Below are the records. Retype exactly the lines between the lines holding "j + 1 \<le> i" and "For i \<le>", inclusive.

**Data extract**
· · · ·

text \<open>C^n(D_k(A)): maps f : {0,1}^n -> A (only values on cube n matter) whose
  alternating sum over every (k+1)-dimensional cube morphism image vanishes.\<close>
definition D_cube :: "nat \<Rightarrow> nat \<Rightarrow> ((nat \<Rightarrow> nat) \<Rightarrow> 'a::ab_group_add) \<Rightarrow> bool" where
  "D_cube k n f \<longleftrightarrow>
     (\<forall>\<psi>. cube_morphism (Suc k) n \<psi> \<longrightarrow>
        (\<Sum>v\<in>cube (Suc k). (if even (\<Sum>l<Suc k. v l) then f (\<psi> v) else - f (\<psi> v))) = 0)"

definition D_morphism :: "nat \<Rightarrow> nat \<Rightarrow> ('a::ab_group_add \<Rightarrow> 'b::ab_group_add) \<Rightarrow> bool" where
  "D_morphism i j g \<longleftrightarrow> (\<forall>n f. D_cube i n (f :: (nat \<Rightarrow> nat) \<Rightarrow> 'a) \<longrightarrow> D_cube j n (g \<circ> f))"

end

theory Submission
  imports Defs "HOL-Library.Indicator_Function"
begin

text \<open>An affine map taking values in {0,1} on a cube has at most one nonzero linear coefficient, so
  each output coordinate of a cube morphism depends on at most one input coordinate. Hence every
  function on {0,1}^N depending on at most k coordinates is a cube of D_k, and so are sums of them.

  For i > j, the function on {0,1}^(j+1) that is x at the origin and 0 elsewhere depends on
  j + 1 \<le> i coordinates; its image under \<phi> is a cube of D_j, whose alternating sum over
  {0,1}^(j+1) is \<phi> x - \<phi> 0.

  For i \<le> j, cubes f of D_1(A) are affine: f w = f 0 + \<Sum>_{w t = 1} (f e_t - f 0). Given a cube
  morphism \<psi> from {0,1}^m, m = j - i + 2, add i - 1 padding coordinates and let F w = f (\<psi> w)
  if all of them equal 1, and F w = 0 otherwise. Expanding f affinely writes F as a sum of functions
  of at most i coordinates, so F is a cube of D_i in dimension j + 1 and \<phi> \<circ> F is a cube of D_j.
  The alternating sum of \<phi> \<circ> F over {0,1}^(j+1) is, up to sign, that of \<phi> \<circ> f \<circ> \<psi>
  over {0,1}^m, which therefore vanishes.\<close>

definition alt_sum :: "nat \<Rightarrow> ((nat \<Rightarrow> nat) \<Rightarrow> 'a::ab_group_add) \<Rightarrow> 'a" where
  "alt_sum m g = (\<Sum>v\<in>cube m. if even (\<Sum>l<m. v l) then g v else - g v)"

definition truncate_vertex :: "nat \<Rightarrow> (nat \<Rightarrow> nat) \<Rightarrow> nat \<Rightarrow> nat" where
  "truncate_vertex m w = (\<lambda>l. if l < m then w l else 0)"

abbreviation origin :: "nat \<Rightarrow> nat" where
  "origin \<equiv> (\<lambda>_. 0)"

lemma cube_eq_indicator: "v \<in> cube m \<Longrightarrow> v = indicator {l. l < m \<and> v l = 1}"
  unfolding cube_def indicator_def by (rule ext) (auto, metis not_le)

lemma indicator_in_cube: "U \<subseteq> {..<m} \<Longrightarrow> indicator U \<in> cube m"
  by (auto simp: cube_def indicator_def)

lemma finite_cube: "finite (cube m)"
proof (rule finite_subset)
  show "cube m \<subseteq> indicator ` Pow {..<m}"
    using cube_eq_indicator by blast
qed simp

lemma origin_in_cube: "origin \<in> cube m"
  by (simp add: cube_def)

lemma cube_0: "cube 0 = {origin}"
  by (auto simp: cube_def)

lemma fun_upd_in_cube: "v \<in> cube m \<Longrightarrow> s < m \<Longrightarrow> x \<in> {0, 1} \<Longrightarrow> v(s := x) \<in> cube m"
  by (auto simp: cube_def)

lemma cube_eq_last_zero: "cube n = {v \<in> cube (Suc n). v n = 0}"
proof -
  have "(\<forall>i\<ge>n. v i = 0) \<longleftrightarrow> (\<forall>i\<ge>Suc n. v i = 0) \<and> v n = 0" for v :: "nat \<Rightarrow> nat"
    by (metis Suc_le_eq le_eq_less_or_eq)
  then show ?thesis
    unfolding cube_def All_less_Suc by auto
qed

lemma truncate_vertex_in_cube: "w \<in> cube N \<Longrightarrow> truncate_vertex m w \<in> cube m"
  unfolding cube_def truncate_vertex_def by (auto, metis not_le)

lemma cube_eqI:
  assumes "w \<in> cube N" "w' \<in> cube N" "\<And>t. t < N \<Longrightarrow> w t = w' t"
  shows "w = w'"
proof
  show "w t = w' t" for t
    using assms by (cases "t < N") (auto simp: cube_def)
qed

· · · ·

**Task result**
  j + 1 \<le> i coordinates; its image under \<phi> is a cube of D_j, whose alternating sum over
  {0,1}^(j+1) is \<phi> x - \<phi> 0.

  For i \<le> j, cubes f of D_1(A) are affine: f w = f 0 + \<Sum>_{w t = 1} (f e_t - f 0). Given a cube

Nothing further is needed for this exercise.